Work request:
Go through the material and return every line that contains the string "forall".

Dataset extract:
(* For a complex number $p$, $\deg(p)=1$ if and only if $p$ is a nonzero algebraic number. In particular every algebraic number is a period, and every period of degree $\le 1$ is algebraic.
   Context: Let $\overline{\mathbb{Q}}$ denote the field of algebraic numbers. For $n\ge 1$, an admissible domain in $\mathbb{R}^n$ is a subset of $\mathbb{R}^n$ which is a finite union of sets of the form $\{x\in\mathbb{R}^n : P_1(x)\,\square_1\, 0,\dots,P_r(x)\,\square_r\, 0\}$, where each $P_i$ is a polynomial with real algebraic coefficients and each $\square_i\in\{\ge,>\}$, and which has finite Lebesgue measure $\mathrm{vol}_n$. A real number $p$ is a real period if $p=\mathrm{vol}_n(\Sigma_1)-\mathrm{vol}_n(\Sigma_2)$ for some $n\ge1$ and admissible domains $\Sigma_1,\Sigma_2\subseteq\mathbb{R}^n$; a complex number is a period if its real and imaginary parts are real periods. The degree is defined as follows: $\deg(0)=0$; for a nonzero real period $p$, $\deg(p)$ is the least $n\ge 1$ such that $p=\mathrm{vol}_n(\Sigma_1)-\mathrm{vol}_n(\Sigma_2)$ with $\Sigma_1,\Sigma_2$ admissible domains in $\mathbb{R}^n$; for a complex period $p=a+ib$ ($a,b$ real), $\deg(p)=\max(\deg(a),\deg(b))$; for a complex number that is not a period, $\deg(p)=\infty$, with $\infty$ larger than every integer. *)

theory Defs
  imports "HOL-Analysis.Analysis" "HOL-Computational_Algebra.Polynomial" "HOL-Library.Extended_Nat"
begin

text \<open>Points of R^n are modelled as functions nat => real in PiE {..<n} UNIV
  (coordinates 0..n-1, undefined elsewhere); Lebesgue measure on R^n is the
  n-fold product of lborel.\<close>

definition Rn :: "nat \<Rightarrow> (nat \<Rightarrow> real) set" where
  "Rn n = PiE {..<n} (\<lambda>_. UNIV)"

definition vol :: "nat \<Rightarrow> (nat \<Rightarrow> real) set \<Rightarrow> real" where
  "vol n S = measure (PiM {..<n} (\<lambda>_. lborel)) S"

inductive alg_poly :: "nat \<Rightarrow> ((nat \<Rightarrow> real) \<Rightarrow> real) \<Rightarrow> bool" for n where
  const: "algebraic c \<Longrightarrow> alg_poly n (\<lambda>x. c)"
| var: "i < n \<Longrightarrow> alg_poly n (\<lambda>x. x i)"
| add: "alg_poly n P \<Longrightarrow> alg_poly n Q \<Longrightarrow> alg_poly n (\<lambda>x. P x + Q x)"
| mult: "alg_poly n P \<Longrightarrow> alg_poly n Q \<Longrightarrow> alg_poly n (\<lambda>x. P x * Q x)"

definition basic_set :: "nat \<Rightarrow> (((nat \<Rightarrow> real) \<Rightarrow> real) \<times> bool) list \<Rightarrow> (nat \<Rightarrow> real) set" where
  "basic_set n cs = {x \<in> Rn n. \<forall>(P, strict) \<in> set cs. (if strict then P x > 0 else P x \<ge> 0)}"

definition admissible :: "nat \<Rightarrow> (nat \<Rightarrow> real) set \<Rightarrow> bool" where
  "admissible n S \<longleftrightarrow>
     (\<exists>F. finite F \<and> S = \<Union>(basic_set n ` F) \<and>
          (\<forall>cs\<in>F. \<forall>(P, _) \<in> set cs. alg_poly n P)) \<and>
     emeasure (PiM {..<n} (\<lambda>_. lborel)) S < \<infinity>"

--

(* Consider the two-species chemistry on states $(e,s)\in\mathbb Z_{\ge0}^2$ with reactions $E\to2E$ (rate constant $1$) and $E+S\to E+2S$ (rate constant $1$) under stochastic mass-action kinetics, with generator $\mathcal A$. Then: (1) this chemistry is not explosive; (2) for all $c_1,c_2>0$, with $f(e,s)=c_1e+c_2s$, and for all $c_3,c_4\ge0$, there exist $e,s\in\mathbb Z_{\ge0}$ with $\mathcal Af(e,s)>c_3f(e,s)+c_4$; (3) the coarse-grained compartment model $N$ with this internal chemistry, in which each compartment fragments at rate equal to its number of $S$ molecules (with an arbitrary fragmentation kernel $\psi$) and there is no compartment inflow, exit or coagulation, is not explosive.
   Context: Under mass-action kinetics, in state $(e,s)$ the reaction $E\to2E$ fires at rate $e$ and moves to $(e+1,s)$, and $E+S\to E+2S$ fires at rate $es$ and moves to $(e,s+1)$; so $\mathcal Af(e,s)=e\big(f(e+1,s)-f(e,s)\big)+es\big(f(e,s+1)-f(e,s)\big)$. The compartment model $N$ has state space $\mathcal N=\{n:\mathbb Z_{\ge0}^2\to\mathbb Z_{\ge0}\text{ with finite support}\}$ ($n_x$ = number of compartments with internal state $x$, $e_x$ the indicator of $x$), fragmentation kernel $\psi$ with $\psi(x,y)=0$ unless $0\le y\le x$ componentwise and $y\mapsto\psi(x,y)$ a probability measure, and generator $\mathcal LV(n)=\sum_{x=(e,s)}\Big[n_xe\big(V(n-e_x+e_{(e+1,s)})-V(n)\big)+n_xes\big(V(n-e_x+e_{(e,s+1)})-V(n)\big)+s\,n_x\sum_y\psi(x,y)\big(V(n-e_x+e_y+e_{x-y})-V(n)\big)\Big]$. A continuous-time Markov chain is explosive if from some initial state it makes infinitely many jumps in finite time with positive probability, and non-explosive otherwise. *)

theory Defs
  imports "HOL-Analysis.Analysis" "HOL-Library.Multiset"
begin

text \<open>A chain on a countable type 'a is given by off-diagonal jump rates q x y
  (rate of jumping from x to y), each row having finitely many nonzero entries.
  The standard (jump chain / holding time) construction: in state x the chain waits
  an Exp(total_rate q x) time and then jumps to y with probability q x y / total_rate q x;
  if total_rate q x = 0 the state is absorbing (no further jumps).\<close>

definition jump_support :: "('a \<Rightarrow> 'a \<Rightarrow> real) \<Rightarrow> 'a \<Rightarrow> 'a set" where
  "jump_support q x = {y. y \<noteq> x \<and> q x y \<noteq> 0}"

Completed task:
  "basic_set n cs = {x \<in> Rn n. \<forall>(P, strict) \<in> set cs. (if strict then P x > 0 else P x \<ge> 0)}"
          (\<forall>cs\<in>F. \<forall>(P, _) \<in> set cs. alg_poly n P)) \<and>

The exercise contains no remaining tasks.